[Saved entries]
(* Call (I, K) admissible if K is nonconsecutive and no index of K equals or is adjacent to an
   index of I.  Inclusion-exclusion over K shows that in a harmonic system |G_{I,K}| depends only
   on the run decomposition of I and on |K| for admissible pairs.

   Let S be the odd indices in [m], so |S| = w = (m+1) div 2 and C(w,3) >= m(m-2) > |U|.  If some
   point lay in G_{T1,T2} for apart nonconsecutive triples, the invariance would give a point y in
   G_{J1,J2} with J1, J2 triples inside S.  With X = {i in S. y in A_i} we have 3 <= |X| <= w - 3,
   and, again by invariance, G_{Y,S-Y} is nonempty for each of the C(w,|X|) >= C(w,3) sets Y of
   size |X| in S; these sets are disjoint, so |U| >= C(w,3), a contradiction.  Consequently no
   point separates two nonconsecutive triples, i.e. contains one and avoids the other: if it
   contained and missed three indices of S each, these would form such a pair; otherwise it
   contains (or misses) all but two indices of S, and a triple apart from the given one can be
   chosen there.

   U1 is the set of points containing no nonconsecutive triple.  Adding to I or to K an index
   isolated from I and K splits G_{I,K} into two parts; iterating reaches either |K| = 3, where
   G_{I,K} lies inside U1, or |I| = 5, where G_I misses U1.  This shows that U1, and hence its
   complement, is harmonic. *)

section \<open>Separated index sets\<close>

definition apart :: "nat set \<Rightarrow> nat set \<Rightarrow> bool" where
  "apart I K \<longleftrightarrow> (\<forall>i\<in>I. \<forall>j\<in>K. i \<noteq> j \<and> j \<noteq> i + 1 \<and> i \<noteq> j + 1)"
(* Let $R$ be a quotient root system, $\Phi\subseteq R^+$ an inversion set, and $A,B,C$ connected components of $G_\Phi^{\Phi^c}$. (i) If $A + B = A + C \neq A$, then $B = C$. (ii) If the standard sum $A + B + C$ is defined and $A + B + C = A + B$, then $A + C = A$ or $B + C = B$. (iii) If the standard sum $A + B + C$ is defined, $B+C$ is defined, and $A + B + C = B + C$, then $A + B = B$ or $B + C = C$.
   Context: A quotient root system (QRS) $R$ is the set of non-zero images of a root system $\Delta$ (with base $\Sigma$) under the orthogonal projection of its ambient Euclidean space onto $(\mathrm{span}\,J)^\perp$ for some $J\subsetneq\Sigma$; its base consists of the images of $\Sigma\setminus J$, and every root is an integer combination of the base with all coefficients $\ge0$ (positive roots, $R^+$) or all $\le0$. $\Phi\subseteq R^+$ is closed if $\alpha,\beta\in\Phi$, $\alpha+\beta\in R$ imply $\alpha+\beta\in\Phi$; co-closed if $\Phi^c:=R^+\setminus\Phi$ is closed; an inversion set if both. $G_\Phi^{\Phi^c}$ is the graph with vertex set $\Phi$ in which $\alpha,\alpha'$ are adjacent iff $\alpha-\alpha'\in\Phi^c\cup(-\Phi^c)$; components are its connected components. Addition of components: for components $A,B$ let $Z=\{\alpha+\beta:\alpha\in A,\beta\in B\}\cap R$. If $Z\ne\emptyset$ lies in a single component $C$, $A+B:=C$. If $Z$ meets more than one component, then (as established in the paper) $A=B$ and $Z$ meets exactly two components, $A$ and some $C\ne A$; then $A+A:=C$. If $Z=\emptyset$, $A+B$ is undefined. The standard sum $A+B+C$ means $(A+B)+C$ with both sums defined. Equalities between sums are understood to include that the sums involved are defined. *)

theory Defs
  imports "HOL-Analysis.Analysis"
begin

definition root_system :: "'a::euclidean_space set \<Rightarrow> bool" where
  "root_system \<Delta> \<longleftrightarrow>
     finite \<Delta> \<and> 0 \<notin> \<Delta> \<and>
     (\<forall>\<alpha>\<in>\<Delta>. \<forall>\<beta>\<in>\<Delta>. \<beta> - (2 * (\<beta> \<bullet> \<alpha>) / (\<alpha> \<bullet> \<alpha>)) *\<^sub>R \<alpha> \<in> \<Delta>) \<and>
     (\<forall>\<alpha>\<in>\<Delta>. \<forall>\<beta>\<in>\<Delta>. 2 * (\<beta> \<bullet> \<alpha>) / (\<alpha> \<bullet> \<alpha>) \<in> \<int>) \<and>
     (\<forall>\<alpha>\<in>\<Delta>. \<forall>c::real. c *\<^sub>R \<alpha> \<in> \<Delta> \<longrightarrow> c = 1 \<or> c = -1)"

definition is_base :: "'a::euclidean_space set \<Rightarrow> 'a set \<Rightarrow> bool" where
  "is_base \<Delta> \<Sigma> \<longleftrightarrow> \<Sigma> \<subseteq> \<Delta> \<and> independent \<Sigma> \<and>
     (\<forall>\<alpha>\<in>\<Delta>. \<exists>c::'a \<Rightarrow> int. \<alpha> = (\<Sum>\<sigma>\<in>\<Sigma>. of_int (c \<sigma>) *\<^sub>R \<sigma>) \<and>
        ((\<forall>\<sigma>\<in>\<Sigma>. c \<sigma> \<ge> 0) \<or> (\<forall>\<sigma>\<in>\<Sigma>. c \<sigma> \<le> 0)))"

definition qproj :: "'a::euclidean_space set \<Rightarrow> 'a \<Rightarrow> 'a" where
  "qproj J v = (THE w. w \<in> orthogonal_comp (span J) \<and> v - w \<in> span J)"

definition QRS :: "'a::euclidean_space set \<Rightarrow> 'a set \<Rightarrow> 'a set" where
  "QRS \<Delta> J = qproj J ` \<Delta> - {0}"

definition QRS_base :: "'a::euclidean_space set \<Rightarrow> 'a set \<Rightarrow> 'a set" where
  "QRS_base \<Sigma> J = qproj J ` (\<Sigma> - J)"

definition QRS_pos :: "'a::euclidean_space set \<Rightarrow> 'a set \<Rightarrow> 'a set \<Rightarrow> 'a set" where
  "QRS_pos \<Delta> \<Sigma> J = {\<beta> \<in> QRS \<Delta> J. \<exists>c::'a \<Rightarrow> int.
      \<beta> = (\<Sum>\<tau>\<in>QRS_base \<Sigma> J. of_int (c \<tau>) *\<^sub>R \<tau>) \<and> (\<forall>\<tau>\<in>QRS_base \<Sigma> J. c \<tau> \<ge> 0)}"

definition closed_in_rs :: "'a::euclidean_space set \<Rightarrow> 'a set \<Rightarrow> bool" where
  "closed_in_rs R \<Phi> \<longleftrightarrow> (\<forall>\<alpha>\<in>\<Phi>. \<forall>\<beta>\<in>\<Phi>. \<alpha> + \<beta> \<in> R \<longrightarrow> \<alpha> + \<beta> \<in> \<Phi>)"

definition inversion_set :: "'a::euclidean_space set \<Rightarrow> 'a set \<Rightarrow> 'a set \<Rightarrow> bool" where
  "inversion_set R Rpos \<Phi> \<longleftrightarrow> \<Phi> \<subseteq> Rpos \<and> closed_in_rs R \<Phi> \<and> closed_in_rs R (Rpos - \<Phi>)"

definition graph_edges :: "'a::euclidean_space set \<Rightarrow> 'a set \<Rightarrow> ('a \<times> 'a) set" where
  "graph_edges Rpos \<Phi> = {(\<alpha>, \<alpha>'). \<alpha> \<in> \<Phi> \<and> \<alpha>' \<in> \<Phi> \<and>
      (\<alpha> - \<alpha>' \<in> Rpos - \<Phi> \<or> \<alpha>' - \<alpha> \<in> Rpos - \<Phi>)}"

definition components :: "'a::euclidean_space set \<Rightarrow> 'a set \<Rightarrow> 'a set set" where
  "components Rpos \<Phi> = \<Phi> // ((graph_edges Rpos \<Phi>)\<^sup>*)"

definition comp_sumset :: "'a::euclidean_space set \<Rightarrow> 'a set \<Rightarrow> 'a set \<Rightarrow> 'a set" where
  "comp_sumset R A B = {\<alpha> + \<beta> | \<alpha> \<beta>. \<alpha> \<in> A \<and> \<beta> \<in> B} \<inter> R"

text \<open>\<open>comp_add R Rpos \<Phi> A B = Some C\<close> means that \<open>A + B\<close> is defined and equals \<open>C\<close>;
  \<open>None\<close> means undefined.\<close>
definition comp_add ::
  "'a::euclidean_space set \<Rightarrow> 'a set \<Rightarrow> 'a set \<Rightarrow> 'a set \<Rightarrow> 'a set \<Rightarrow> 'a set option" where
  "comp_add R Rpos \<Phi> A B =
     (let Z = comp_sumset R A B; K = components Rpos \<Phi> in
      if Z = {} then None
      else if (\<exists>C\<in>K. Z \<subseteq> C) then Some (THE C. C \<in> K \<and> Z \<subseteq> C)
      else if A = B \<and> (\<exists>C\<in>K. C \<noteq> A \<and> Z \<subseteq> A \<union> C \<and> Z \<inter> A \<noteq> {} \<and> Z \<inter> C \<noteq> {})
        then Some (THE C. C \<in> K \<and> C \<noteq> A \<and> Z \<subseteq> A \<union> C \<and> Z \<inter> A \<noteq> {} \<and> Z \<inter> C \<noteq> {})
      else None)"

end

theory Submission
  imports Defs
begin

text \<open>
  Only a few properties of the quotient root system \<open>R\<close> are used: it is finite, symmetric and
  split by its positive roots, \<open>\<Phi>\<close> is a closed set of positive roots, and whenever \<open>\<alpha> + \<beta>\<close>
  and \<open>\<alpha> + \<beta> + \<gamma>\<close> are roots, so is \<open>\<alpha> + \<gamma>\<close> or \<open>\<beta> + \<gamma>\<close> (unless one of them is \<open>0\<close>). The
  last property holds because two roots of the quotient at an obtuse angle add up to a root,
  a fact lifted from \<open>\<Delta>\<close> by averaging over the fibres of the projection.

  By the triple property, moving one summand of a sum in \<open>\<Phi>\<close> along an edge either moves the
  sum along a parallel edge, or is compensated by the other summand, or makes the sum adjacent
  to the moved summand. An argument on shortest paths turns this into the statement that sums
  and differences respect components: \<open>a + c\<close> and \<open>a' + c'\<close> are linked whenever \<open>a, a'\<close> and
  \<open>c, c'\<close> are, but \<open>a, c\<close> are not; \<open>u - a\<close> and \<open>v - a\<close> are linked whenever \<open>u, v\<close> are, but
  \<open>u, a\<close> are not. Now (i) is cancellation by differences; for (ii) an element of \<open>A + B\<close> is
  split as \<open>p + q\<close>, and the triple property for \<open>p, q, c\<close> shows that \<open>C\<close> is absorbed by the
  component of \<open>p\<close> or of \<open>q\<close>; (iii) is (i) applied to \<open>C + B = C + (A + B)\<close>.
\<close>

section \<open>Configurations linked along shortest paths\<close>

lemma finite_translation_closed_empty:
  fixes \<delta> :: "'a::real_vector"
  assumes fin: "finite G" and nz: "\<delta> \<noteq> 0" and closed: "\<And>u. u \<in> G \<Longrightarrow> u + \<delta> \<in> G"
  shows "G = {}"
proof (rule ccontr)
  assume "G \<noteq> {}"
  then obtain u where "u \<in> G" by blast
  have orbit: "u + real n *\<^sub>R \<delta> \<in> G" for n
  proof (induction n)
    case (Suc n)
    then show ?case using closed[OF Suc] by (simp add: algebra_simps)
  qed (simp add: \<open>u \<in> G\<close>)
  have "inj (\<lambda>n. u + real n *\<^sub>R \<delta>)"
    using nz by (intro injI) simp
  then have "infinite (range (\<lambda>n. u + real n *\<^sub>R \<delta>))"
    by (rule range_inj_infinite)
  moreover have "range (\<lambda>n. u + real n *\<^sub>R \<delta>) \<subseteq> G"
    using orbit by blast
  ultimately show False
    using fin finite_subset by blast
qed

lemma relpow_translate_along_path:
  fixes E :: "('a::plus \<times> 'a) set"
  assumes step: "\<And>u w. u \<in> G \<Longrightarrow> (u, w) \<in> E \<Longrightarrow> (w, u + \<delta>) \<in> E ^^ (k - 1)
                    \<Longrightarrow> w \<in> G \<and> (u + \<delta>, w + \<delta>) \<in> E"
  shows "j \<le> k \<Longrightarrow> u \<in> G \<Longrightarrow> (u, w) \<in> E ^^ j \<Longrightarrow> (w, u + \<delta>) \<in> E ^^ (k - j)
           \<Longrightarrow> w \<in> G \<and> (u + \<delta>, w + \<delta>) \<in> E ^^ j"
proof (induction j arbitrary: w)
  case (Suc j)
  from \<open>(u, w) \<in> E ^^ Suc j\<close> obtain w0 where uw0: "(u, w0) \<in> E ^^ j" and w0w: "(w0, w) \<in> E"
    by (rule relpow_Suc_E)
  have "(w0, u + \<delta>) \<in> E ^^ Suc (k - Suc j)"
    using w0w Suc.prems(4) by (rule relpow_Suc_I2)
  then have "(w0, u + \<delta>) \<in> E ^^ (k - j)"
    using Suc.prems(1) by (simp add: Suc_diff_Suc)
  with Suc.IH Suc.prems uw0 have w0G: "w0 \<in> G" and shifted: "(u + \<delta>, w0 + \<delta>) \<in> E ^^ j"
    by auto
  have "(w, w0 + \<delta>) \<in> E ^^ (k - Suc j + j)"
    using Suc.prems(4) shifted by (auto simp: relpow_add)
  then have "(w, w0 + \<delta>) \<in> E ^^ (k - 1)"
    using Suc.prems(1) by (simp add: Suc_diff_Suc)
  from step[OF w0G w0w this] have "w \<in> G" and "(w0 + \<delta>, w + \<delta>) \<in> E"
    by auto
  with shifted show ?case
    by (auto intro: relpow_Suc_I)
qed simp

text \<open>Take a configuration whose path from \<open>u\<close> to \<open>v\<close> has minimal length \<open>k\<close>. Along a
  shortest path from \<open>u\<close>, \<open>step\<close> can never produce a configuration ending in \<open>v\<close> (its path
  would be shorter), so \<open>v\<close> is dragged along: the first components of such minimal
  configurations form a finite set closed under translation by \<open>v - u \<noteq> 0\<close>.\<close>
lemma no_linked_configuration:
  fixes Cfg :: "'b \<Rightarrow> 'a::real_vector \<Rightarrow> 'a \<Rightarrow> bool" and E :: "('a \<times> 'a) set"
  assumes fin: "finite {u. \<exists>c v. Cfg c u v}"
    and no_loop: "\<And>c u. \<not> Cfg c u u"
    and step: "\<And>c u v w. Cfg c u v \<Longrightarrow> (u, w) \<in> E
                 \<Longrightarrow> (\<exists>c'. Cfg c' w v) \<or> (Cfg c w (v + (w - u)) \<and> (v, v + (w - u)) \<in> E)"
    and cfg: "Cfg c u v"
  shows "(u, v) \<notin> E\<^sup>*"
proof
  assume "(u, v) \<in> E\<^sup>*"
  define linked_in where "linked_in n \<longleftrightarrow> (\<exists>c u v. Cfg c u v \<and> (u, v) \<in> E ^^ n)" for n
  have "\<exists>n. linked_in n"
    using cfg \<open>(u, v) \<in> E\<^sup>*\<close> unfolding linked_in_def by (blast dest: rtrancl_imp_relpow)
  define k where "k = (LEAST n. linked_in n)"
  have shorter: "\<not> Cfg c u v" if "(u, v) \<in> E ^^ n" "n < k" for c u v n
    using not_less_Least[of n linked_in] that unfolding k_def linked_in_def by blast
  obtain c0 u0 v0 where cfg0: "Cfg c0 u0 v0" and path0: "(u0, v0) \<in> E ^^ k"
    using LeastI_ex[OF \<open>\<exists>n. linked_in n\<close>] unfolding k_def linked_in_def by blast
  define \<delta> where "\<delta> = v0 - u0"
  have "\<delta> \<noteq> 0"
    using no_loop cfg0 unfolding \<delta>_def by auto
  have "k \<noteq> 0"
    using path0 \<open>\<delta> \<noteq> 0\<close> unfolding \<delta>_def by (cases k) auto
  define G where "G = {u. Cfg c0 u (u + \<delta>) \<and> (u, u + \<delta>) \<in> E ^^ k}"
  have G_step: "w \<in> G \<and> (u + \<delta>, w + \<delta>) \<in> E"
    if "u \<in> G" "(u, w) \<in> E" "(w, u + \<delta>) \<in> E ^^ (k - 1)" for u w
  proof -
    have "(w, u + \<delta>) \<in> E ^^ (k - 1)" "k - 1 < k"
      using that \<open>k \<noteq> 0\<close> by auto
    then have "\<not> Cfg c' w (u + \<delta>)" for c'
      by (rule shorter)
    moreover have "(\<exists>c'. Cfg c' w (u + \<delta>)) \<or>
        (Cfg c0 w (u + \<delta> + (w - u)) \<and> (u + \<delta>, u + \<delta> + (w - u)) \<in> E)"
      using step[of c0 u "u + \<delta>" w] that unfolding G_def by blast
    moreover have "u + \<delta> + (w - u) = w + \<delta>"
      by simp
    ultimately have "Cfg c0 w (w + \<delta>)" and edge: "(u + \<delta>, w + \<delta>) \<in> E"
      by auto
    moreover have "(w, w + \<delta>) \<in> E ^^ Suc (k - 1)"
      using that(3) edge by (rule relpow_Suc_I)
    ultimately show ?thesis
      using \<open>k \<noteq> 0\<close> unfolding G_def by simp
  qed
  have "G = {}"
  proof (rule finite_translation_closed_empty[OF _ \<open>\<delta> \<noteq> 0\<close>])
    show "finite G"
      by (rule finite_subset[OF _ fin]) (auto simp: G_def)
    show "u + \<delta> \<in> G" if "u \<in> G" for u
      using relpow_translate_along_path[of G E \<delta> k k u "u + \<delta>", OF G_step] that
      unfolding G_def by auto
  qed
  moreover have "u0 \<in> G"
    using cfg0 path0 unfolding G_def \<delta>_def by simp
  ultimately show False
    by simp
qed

» ACTIVITY
Look through the entries above. Copy each line in which the string "under" occurs.

» WRITTEN REPLY
   Context: A quotient root system (QRS) $R$ is the set of non-zero images of a root system $\Delta$ (with base $\Sigma$) under the orthogonal projection of its ambient Euclidean space onto $(\mathrm{span}\,J)^\perp$ for some $J\subsetneq\Sigma$; its base consists of the images of $\Sigma\setminus J$, and every root is an integer combination of the base with all coefficients $\ge0$ (positive roots, $R^+$) or all $\le0$. $\Phi\subseteq R^+$ is closed if $\alpha,\beta\in\Phi$, $\alpha+\beta\in R$ imply $\alpha+\beta\in\Phi$; co-closed if $\Phi^c:=R^+\setminus\Phi$ is closed; an inversion set if both. $G_\Phi^{\Phi^c}$ is the graph with vertex set $\Phi$ in which $\alpha,\alpha'$ are adjacent iff $\alpha-\alpha'\in\Phi^c\cup(-\Phi^c)$; components are its connected components. Addition of components: for components $A,B$ let $Z=\{\alpha+\beta:\alpha\in A,\beta\in B\}\cap R$. If $Z\ne\emptyset$ lies in a single component $C$, $A+B:=C$. If $Z$ meets more than one component, then (as established in the paper) $A=B$ and $Z$ meets exactly two components, $A$ and some $C\ne A$; then $A+A:=C$. If $Z=\emptyset$, $A+B$ is undefined. The standard sum $A+B+C$ means $(A+B)+C$ with both sums defined. Equalities between sums are understood to include that the sums involved are defined. *)
  configurations form a finite set closed under translation by \<open>v - u \<noteq> 0\<close>.\<close>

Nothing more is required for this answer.